MISSBLABLABLA-015BD.jpg

(Photo Benjamin Boccas - janvier 2008)

lundi 7 janvier 2008

Les étoiles, elles disent rien que des bêtises !

Semaine difficile en vue. Parce que se prendre une année dans la gueule d'ici quelques jours, cela n'a pas le don de me rendre de bonne humeur... Pour anticiper toute autre source de contrariété, j'ai regardé ce matin mon horoscope...

VIE PROFESSIONNELLE : Risques de conflit avec une personne partageant vos activités. Mettez de " l'eau dans votre vin ", et cela pour toute la semaine. Surveillez vos propos, et faites preuve de diplomatie car vous n'avez aucun intérêt à attiser certaines tensions.
Surveiller mes propos et faire preuve de diplomatie... Ben c'est pas gagné, surtout quand on connait le programme de cette semaine, et qu'on sait comment a commencé mon lundi. J'en conclus d'ores et déjà qu'il va y avoir du conflit. Va falloir prévenir mon manager que je vais être encore plus chiante que d'habitude.

VIE PRIVÉE : Dans votre vie personnelle, la récupération d'un choc nécessite un certain temps, alors laissez le temps faire son travail. Les planètes vous accompagneront durant cette période de transition. Essayez de prendre un peu de " recul " et évitez d'agir " à chaud ". Une soirée réussie, en fin de semaine, devrait contribuer à vous rendre le moral.
Oué alors la patience, ce n'est pas mon truc. Et la soirée qui devait avoir lieu fin de semaine, j'ai du l'annuler. Ce qui me déprime. Alors leur histoire que ma vie, ça va être un peu la fête du slip le w-e prochain, c'est du n'importe quoi.

VIE QUOTIDIENNE : L'accent est mis sur les relations existantes. Vous vous investirez plus que jamais, dans une situation, pour sauver les " pots cassés ". Tenez bon car vous avez " toutes les cartes en main " pour réussir et vous attirer la sympathie de personnes de qualité.
Franchement, ça m'étonnerait qu'avec la gueule de 6 pieds de long que je traine, j'arrive à m'attirer la sympatie d'un pittbull. Alors les personnes de qualité...

Vos chiffres porte-bonheur cette semaine : 8 Non, moi c'est plutôt le 9, cette semaine...

La devise de la semaine : la patience AH AH AH !!!

La chance de la semaine : la famille Heu....

Piquez moi !

vendredi 28 décembre 2007

Gnagnagna Noël...

Enfin, c'est fini.
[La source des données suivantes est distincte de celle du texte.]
lemma edge_class_mass_le:
  assumes p: "p \<in> R" and "i \<noteq> j"
  shows "muE \<mu> (edge_class p i j)
           \<le> M powr (1/\<theta>) * (K / real p) powr (1 - 1/\<theta>) * (real p powr (-1/\<theta>)) ^ nat \<bar>i - j\<bar> * mE"
proof -
  define m where "m = nat \<bar>i - j\<bar>"
  have "muS \<mu> (Vpk p i V) * muS \<mu> (Vpk p j W) / (mV * mW) \<le> K / real p"
    using edge_class_vertex_mass_le[OF assms] masses_pos by (simp add: pos_divide_le_eq)
  then have ratio: "(muS \<mu> (Vpk p i V) * muS \<mu> (Vpk p j W) / (mV * mW)) powr (1 - 1/\<theta>)
                    \<le> (K / real p) powr (1 - 1/\<theta>)"
    using \<tau> masses_pos muS_nonneg[OF wbg] by (intro powr_mono2) (auto simp: Vpk_def)
  have "muE \<mu> (edge_class p i j) \<le> (M / real p ^ m) powr (1/\<theta>) * mE
          * (muS \<mu> (Vpk p i V) * muS \<mu> (Vpk p j W) / (mV * mW)) powr (1 - 1/\<theta>)"
    using edge_class_mu_theta_le[OF assms] M R_pos[OF p] \<tau>
    by (intro muE_le_of_mu_theta_le[OF wbg E_nonempty]) (auto simp: Vpk_def m_def)
  also have "\<dots> \<le> (M / real p ^ m) powr (1/\<theta>) * mE * (K / real p) powr (1 - 1/\<theta>)"
    using ratio masses_pos by (intro mult_left_mono) auto
  also have "(M / real p ^ m) powr (1/\<theta>) = M powr (1/\<theta>) * (real p powr (-1/\<theta>)) ^ m"
    using M R_pos[OF p] by (simp add: powr_divide powr_realpow[symmetric] powr_powr powr_minus_divide
        flip: powr_power)
  finally show ?thesis by (simp add: m_def mult_ac)
qed

lemma two_le_powr_inverse_theta:
  assumes "p \<in> R"
  shows "2 \<le> real p powr (1/\<theta>)"
proof -
  have p: "8 \<le> real p" using R_sharp(3)[OF assms] K_bounds(1) by simp
  have "(2::real) = 8 powr (1/3)" by (simp add: powr_numeral[symmetric] powr_powr)
  also have "\<dots> \<le> real p powr (1/3)" using p by (intro powr_mono2) auto
  also have "\<dots> \<le> real p powr (1/\<theta>)" using p \<tau> by (intro powr_mono) (auto simp: field_simps)
  finally show ?thesis .
qed

definition off_centre :: "nat \<Rightarrow> (rat \<times> rat) set" where
  "off_centre p = {(v, w) \<in> E. ep p v \<noteq> centre p \<and> ep p w \<noteq> centre p}"

definition left_centred :: "nat \<Rightarrow> nat \<Rightarrow> (rat \<times> rat) set" where
  "left_centred p d = {(v, w) \<in> E. ep p v = centre p \<and> int d \<le> \<bar>ep p w - centre p\<bar>}"

definition right_centred :: "nat \<Rightarrow> nat \<Rightarrow> (rat \<times> rat) set" where
  "right_centred p d = {(v, w) \<in> E. ep p w = centre p \<and> int d \<le> \<bar>ep p v - centre p\<bar>}"

lemma off_centre_mass_le:
  assumes p: "p \<in> R"
  shows "muE \<mu> (off_centre p) \<le> (K / real p) powr (2 - 2/\<theta>) * mE"
proof -
  define V1 W1 where "V1 = V - Vpk p (centre p) V" and "W1 = W - Vpk p (centre p) W"
  have sub: "V1 \<subseteq> V" "W1 \<subseteq> W" "off_centre p \<subseteq> E \<inter> (V1 \<times> W1)"
    using E_subset by (auto simp: V1_def W1_def off_centre_def Vpk_def)
  have "0 \<le> K / real p * mV" using masses_pos K_bounds(1) by simp
  then have "muS \<mu> V1 * muS \<mu> W1 \<le> (K / real p * mV) * (K / real p * mW)"
    using off_centre_vertex_mass[OF p] muS_nonneg[OF wbg] sub
    by (intro mult_mono) (auto simp: V1_def W1_def)
  then have "muS \<mu> V1 * muS \<mu> W1 / (mV * mW) \<le> (K / real p) ^ 2"
    using masses_pos by (simp add: pos_divide_le_eq power2_eq_square mult_ac)
  then have "(muS \<mu> V1 * muS \<mu> W1 / (mV * mW)) powr (1 - 1/\<theta>) \<le> ((K / real p) ^ 2) powr (1 - 1/\<theta>)"
    using \<tau> masses_pos muS_nonneg[OF wbg] sub by (intro powr_mono2) auto
  also have "((K / real p) ^ 2) powr (1 - 1/\<theta>) = (K / real p) powr (2 - 2/\<theta>)"
    using K_bounds(1) by (simp add: powr_powr flip: powr_numeral)
  finally have ratio: "(muS \<mu> V1 * muS \<mu> W1 / (mV * mW)) powr (1 - 1/\<theta>) \<le> (K / real p) powr (2 - 2/\<theta>)" .
  have "muE \<mu> (off_centre p) \<le> 1 powr (1/\<theta>) * mE * (muS \<mu> V1 * muS \<mu> W1 / (mV * mW)) powr (1 - 1/\<theta>)"
    using maximal sub \<tau> by (intro muE_le_of_mu_theta_le[OF wbg E_nonempty sub]) (auto simp: maximal_def)
  also have "\<dots> \<le> mE * (K / real p) powr (2 - 2/\<theta>)"
    using ratio masses_pos by (simp add: mult_left_mono)
  finally show ?thesis by (simp add: mult_ac)
qed

lemma class_factor_le:
  assumes p: "p \<in> R"
  shows "M powr (1/\<theta>) * (K / real p) powr (1 - 1/\<theta>) * (real p powr (-1/\<theta>)) ^ d
           \<le> M * K * real p powr (-1 - (real d - 1)/\<theta>)"
proof -
  have "(real p powr (-1/\<theta>)) ^ d = real p powr (- real d / \<theta>)"
    using R_pos[OF p] by (simp add: powr_power)
  moreover have "- real d / \<theta> - (1 - 1/\<theta>) = -1 - (real d - 1)/\<theta>"
    by (simp add: diff_divide_distrib)
  then have "real p powr (- real d / \<theta>) / real p powr (1 - 1/\<theta>) = real p powr (-1 - (real d - 1)/\<theta>)"
    by (metis powr_diff)
  ultimately have "(K / real p) powr (1 - 1/\<theta>) * (real p powr (-1/\<theta>)) ^ d
                   = K powr (1 - 1/\<theta>) * real p powr (-1 - (real d - 1)/\<theta>)"
    by (simp add: powr_divide flip: times_divide_eq_right)
  moreover have "M powr (1/\<theta>) * K powr (1 - 1/\<theta>) \<le> M * K"
    using powr_mono[of "1/\<theta>" 1 M] powr_mono[of "1 - 1/\<theta>" 1 K] M K_bounds(1) \<tau>
    by (intro mult_mono) auto
  then have "M powr (1/\<theta>) * K powr (1 - 1/\<theta>) * real p powr (-1 - (real d - 1)/\<theta>)
             \<le> M * K * real p powr (-1 - (real d - 1)/\<theta>)"
    by (rule mult_right_mono) simp
  ultimately show ?thesis by (simp add: mult.assoc)
qed

text \<open>Grouped by the exponent on the non-central side, the edge classes decay geometrically
  with ratio p^(-1/\<theta>) \<le> 1/2.\<close>
lemma one_sided_mass_le:
  assumes p: "p \<in> R" and d: "1 \<le> d" and S: "S \<subseteq> E" "\<forall>e\<in>S. int d \<le> \<bar>h e - centre p\<bar>"
    and level: "\<And>j. j \<noteq> centre p \<Longrightarrow> {e\<in>S. h e = j} \<subseteq> edge_class p (centre p) j
                                         \<or> {e\<in>S. h e = j} \<subseteq> edge_class p j (centre p)"
  shows "muE \<mu> S \<le> 4 * M * K * real p powr (-1 - (real d - 1)/\<theta>) * mE"
proof -
  define r where "r = real p powr (-1/\<theta>)"
  define c where "c = M powr (1/\<theta>) * (K / real p) powr (1 - 1/\<theta>) * mE"
  have r: "0 \<le> r" "r \<le> 1/2"
    using two_le_powr_inverse_theta[OF p] R_pos[OF p] by (auto simp: r_def powr_minus_divide field_simps)
  have "muE \<mu> {e\<in>S. h e = j} \<le> c * r ^ nat \<bar>j - centre p\<bar>" if "j \<in> h ` S" for j
  proof -
    have "j \<noteq> centre p" using that S(2) d by force
    then have "muE \<mu> {e\<in>S. h e = j} \<le> muE \<mu> (edge_class p (centre p) j)
             \<or> muE \<mu> {e\<in>S. h e = j} \<le> muE \<mu> (edge_class p j (centre p))"
      using level muE_mono[OF wbg] by (meson Int_lower1)
    moreover have "muE \<mu> (edge_class p (centre p) j) \<le> c * r ^ nat \<bar>j - centre p\<bar>"
                  "muE \<mu> (edge_class p j (centre p)) \<le> c * r ^ nat \<bar>j - centre p\<bar>"
      using edge_class_mass_le[OF p, of "centre p" j] edge_class_mass_le[OF p, of j "centre p"]
        \<open>j \<noteq> centre p\<close>
      by (simp_all add: c_def r_def abs_minus_commute[of "centre p" j] mult_ac)
    ultimately show ?thesis by linarith
  qed
  then have "muE \<mu> S \<le> c * (2 * r ^ d / (1 - r))"
    unfolding muE_eq_sum using S r masses_pos M wbg_finite(3)[OF wbg]
    by (intro sum_by_level_le_geometric) (auto simp: c_def intro: finite_subset)
  also have "\<dots> \<le> c * (4 * r ^ d)"
  proof -
    have "2 * r ^ d \<le> (4 * (1 - r)) * r ^ d" using r by (intro mult_right_mono) auto
    then have "2 * r ^ d / (1 - r) \<le> 4 * r ^ d"
      using r by (intro pos_divide_le_eq[THEN iffD2]) (auto simp: algebra_simps)
    then show ?thesis using masses_pos by (intro mult_left_mono) (auto simp: c_def)
  qed
  also have "\<dots> = 4 * (M powr (1/\<theta>) * (K / real p) powr (1 - 1/\<theta>) * r ^ d) * mE"
    by (simp add: c_def mult_ac)
  also have "\<dots> \<le> 4 * (M * K * real p powr (-1 - (real d - 1)/\<theta>)) * mE"
    using class_factor_le[OF p, of d] masses_pos by (simp add: r_def)
  finally show ?thesis by simp
qed

lemma centred_mass_le:
  assumes "p \<in> R" "1 \<le> d"
  shows "muE \<mu> (left_centred p d) \<le> 4 * M * K * real p powr (-1 - (real d - 1)/\<theta>) * mE"
    and "muE \<mu> (right_centred p d) \<le> 4 * M * K * real p powr (-1 - (real d - 1)/\<theta>) * mE"
proof -
  show "muE \<mu> (left_centred p d) \<le> 4 * M * K * real p powr (-1 - (real d - 1)/\<theta>) * mE"
    by (rule one_sided_mass_le[where h = "\<lambda>e. ep p (snd e)"])
      (use assms E_subset in \<open>force simp: left_centred_def Vpk_def\<close>)+
  show "muE \<mu> (right_centred p d) \<le> 4 * M * K * real p powr (-1 - (real d - 1)/\<theta>) * mE"
    by (rule one_sided_mass_le[where h = "\<lambda>e. ep p (fst e)"])
      (use assms E_subset in \<open>force simp: right_centred_def Vpk_def\<close>)+
qed

definition ratio_edges :: "nat \<Rightarrow> (rat \<times> rat) set" where
  "ratio_edges p = {(v, w) \<in> E. prime_in p (v / w)}"

definition unstructured_edges :: "nat \<Rightarrow> (rat \<times> rat) set" where
  "unstructured_edges p = {(v, w) \<in> E.
     (ep p v - centre p, ep p w - centre p) \<notin> {(-1, 0), (0, -1), (0, 0), (0, 1), (1, 0)}}"

lemma ratio_edges_subset:
  assumes "p \<in> R"
  shows "ratio_edges p \<subseteq> off_centre p \<union> left_centred p 1 \<union> right_centred p 1"
proof
  fix e assume "e \<in> ratio_edges p"
  then obtain v w where e: "e = (v, w)" "(v, w) \<in> E" "prime_in p (v / w)"
    by (auto simp: ratio_edges_def)
  moreover have "v \<noteq> 0" "w \<noteq> 0"
    using e(2) wbg by (auto simp: weighted_bipartite_graph_def)
  ultimately have "ep p v \<noteq> ep p w"
    using ep_nonzero_if_prime_in[of p "v / w"] ep_divide[of p v w] R_sharp(1)[OF assms] by auto
  with e show "e \<in> off_centre p \<union> left_centred p 1 \<union> right_centred p 1"
    by (auto simp: off_centre_def left_centred_def right_centred_def)
qed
Ce putain d'"esprit de Noël". Qui commence avec tout ce monde dans les magasins, les coups de coude, les orteils écrasés, l'énervement. La vieille qui brame parce que soi disant on lui est passé devant (ce qui est totalement faux) (et fait rejaillir le débat sur l'euthanasie).
"Esprit de Noël" qui continue tranquillement son chemin avec la bouffe. Trop de bouffe. L'écœurement, le bide à bloc, la culpabilité sur la balance.
On enchaine avec la joie d'être en famille. C'est un peu l'occasion de l'année de se retrouver, et donc de faire remonter tout le fiel que l'on peut avoir contre certains. Et puis c'est tellement mieux de se foutre sur la gueule avec du foie gras plein la bouche. En se disant qu'à la bûche, on sera passé à autre chose. Jusqu'au lendemain.
Et puis il y a l'ouverture des cadeaux, les gueules de quatre pieds de long parce que même si on a passé des plombes à se creuser la tête pour trouver le truc original censé faire plaisir, on tombe forcément à côté.
Sans parler de la petite lettre du banquier, quand on sort la tête de la dinde aux marrons, qui a pensé à nous, histoire de nous rappeler à l'ordre alors que la moitié de la paye est passée en cadeaux (que même pas ils ont été appréciés, pour mémoire). Trêve des confiseurs mon cul.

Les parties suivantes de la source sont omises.